Lamar Haynes and Kevin Robbins

The book is not a biography, though it certainly has biographical elements to it. It is simply the story of Payne’s final year, with a look back at Payne’s not so simple career mixed in. The author’s real talent lives in the research and honesty. The story reads like you’re back in 1999 again, with quotes pulled from media articles or press conferences. Anecdotes are sprinkled here and there from all of Payne’s contemporaries. The storytelling is seamless and captivating.

“I was pleasantly surprised how much Colin Montgomerie remembered about the concession at the 1999 Ryder Cup,” Robbins said. “Colin can be a tough interview. He is generally mistrustful of the media. His agent gave me 15 minutes during the Pro-Am in Houston. This was in the spring of 2018. I met Colin on the 17th hole and he had started his round on 10. Just organically the conversation carried us to the fifth green. Just because he kept remembering things. He kept talking, you know. It was incredible. Tom Lehman was the same way. He said “I’ll give you 20 minutes” and it ended up being an hour and a half at Starbucks.”

The research took Robbins to Massachusetts, Florida, and Missouri—and of course, to Pinehurst. He met with Mike Hicks, Payne’s former caddie, there to discuss that final round. The two ended up out on Pinehurst No. 2, walking the last three holes and reliving the victory. It gives life to the story and fills it with detail.

“Part of what I hoped for this book is that it would be more than just a sports story,” Robbins said.  “More than just a golf story.
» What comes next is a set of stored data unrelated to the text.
(* Let $P,Q_1,Q_2\in K\langle\partial_t\rangle$ be monic with $P=Q_1Q_2$, and suppose $Q_2$ is semisplit. Then $P$ is semisplit if and only if $Q_1$ is semisplit.
   Context: Let $k$ be an algebraically closed field of characteristic zero and $K=k(t,x_1,\dots,x_n)$ with the commuting derivations $\partial_t=\partial/\partial t$ and $\partial_{x_i}=\partial/\partial x_i$. Let $\mathcal U$ be a universal differential extension field of $K$ (in the sense of Kolchin), with commuting derivations extending these. Set $C_t=\{c\in\mathcal U\mid\partial_t(c)=0\}$ and $C_{\mathbf x}=\{c\in\mathcal U\mid \partial_{x_i}(c)=0\text{ for all }i\}$. An element $f\in\mathcal U$ is split if $f=gh$ with $g\in C_t$, $h\in C_{\mathbf x}$, and semisplit if it is a finite sum of split elements. A nonzero operator $P\in K\langle\partial_t\rangle$ is semisplit if it is monic and all of its coefficients are semisplit. *)

theory Defs
  imports "HOL-Computational_Algebra.Polynomial" "HOL-Algebra.Ring"
begin

text \<open>The universal differential field U is modelled by a type 'u of class
field_char_0. Derivations are indexed by nat: D 0 is the t-derivation, D i (1 \<le> i \<le> n)
is the x_i-derivation. Generators: y 0 = t, y i = x_i (1 \<le> i \<le> n).\<close>

definition is_derivation :: "('u::field \<Rightarrow> 'u) \<Rightarrow> bool" where
  "is_derivation d \<longleftrightarrow> (\<forall>a b. d (a + b) = d a + d b \<and> d (a * b) = a * d b + d a * b)"

definition comm_derivs :: "nat \<Rightarrow> (nat \<Rightarrow> 'u::field \<Rightarrow> 'u) \<Rightarrow> bool" where
  "comm_derivs n D \<longleftrightarrow> (\<forall>i\<le>n. is_derivation (D i)) \<and>
     (\<forall>i\<le>n. \<forall>j\<le>n. \<forall>a. D i (D j a) = D j (D i a))"

definition is_subfield :: "'u::field set \<Rightarrow> bool" where
  "is_subfield F \<longleftrightarrow> 0 \<in> F \<and> 1 \<in> F \<and> (\<forall>a\<in>F. \<forall>b\<in>F. a + b \<in> F \<and> a * b \<in> F) \<and>
     (\<forall>a\<in>F. - a \<in> F \<and> inverse a \<in> F)"

definition gen_subfield :: "'u::field set \<Rightarrow> 'u set" where
  "gen_subfield S = \<Inter>{F. is_subfield F \<and> S \<subseteq> F}"

definition gen_dsubfield :: "nat \<Rightarrow> (nat \<Rightarrow> 'u::field \<Rightarrow> 'u) \<Rightarrow> 'u set \<Rightarrow> 'u set" where
  "gen_dsubfield n D S = \<Inter>{F. is_subfield F \<and> S \<subseteq> F \<and> (\<forall>i\<le>n. \<forall>a\<in>F. D i a \<in> F)}"

definition alg_closed_subfield :: "'u::field set \<Rightarrow> bool" where
  "alg_closed_subfield k \<longleftrightarrow> is_subfield k \<and>
     (\<forall>p::'u poly. (\<forall>i. coeff p i \<in> k) \<and> degree p \<ge> 1 \<longrightarrow> (\<exists>z\<in>k. poly p z = 0))"

definition alg_indep :: "'u::field set \<Rightarrow> nat \<Rightarrow> (nat \<Rightarrow> 'u) \<Rightarrow> bool" where
  "alg_indep k n y \<longleftrightarrow> (\<forall>(A::(nat \<Rightarrow> nat) set) c. finite A \<longrightarrow> (\<forall>\<alpha>\<in>A. c \<alpha> \<in> k) \<longrightarrow>
      (\<forall>\<alpha>\<in>A. \<forall>i>n. \<alpha> i = 0) \<longrightarrow>
      (\<Sum>\<alpha>\<in>A. c \<alpha> * (\<Prod>i\<le>n. y i ^ \<alpha> i)) = 0 \<longrightarrow> (\<forall>\<alpha>\<in>A. c \<alpha> = 0))"

text \<open>K = k(t, x_1, ..., x_n) inside U, with D i acting as the partial derivatives.\<close>
definition rational_setting ::
  "nat \<Rightarrow> (nat \<Rightarrow> 'u::field_char_0 \<Rightarrow> 'u) \<Rightarrow> 'u set \<Rightarrow> (nat \<Rightarrow> 'u) \<Rightarrow> 'u set \<Rightarrow> bool" where
  "rational_setting n D k y K \<longleftrightarrow>
     comm_derivs n D \<and> alg_closed_subfield k \<and> alg_indep k n y \<and>
     K = gen_subfield (k \<union> y ` {0..n}) \<and>
     (\<forall>i\<le>n. \<forall>a\<in>k. D i a = 0) \<and>
     (\<forall>i\<le>n. \<forall>j\<le>n. D i (y j) = (if i = j then 1 else 0))"

text \<open>Abstract differential field extensions G (field structure on a carrier inside the type 'u,
HOL-Algebra style) with derivations DG 0, ..., DG n, and an embedding e of F into G.\<close>
definition is_dfield :: "nat \<Rightarrow> 'u ring \<Rightarrow> (nat \<Rightarrow> 'u \<Rightarrow> 'u) \<Rightarrow> bool" where
  "is_dfield n G DG \<longleftrightarrow> field G \<and>
     (\<forall>i\<le>n. \<forall>a\<in>carrier G. DG i a \<in> carrier G) \<and>
     (\<forall>i\<le>n. \<forall>a\<in>carrier G. \<forall>b\<in>carrier G.
        DG i (a \<oplus>\<^bsub>G\<^esub> b) = DG i a \<oplus>\<^bsub>G\<^esub> DG i b \<and>
        DG i (a \<otimes>\<^bsub>G\<^esub> b) = (a \<otimes>\<^bsub>G\<^esub> DG i b) \<oplus>\<^bsub>G\<^esub> (DG i a \<otimes>\<^bsub>G\<^esub> b)) \<and>
     (\<forall>i\<le>n. \<forall>j\<le>n. \<forall>a\<in>carrier G. DG i (DG j a) = DG j (DG i a))"

definition is_dembedding ::
  "nat \<Rightarrow> (nat \<Rightarrow> 'u::field \<Rightarrow> 'u) \<Rightarrow> 'u set \<Rightarrow> 'u ring \<Rightarrow> (nat \<Rightarrow> 'u \<Rightarrow> 'u) \<Rightarrow> ('u \<Rightarrow> 'u) \<Rightarrow> bool" where
  "is_dembedding n D F G DG e \<longleftrightarrow>
     (\<forall>a\<in>F. e a \<in> carrier G) \<and> e 1 = \<one>\<^bsub>G\<^esub> \<and>
     (\<forall>a\<in>F. \<forall>b\<in>F. e (a + b) = e a \<oplus>\<^bsub>G\<^esub> e b \<and> e (a * b) = e a \<otimes>\<^bsub>G\<^esub> e b) \<and>
     (\<forall>i\<le>n. \<forall>a\<in>F. e (D i a) = DG i (e a))"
The more I started thinking about where Payne began and where he ended, it seemed to me…and I’m not going to call it a redemption story although I bet some people do. People when they are younger, they have regrets and they make mistakes. They do things they wish they could take back but they can’t. So, what can they do? Well, they can improve. They can get better. That’s what Payne was doing with his life. He was improving himself. It was too late to change what he had done already. So what could he do with the future? He could be different.”

“It was accurate,” Haynes said.  “I had a tear when I finished it. I texted Kevin right afterward. I told him I couldn’t call him because I’m choked up so I texted him.”

So here’s two men who knew Payne Stewart, albeit in very different ways. They knew he was flawed in life but he got better. Was Payne Stewart that hero at Pinehurst, grabbing Phil Mickelson’s face and telling him the important thing is he’s going to be a father? Yes. But he was so much more than that. He was so much more than I knew before I read this book. Most importantly, Payne Stewart was always improving. A lesson for all of us, indeed.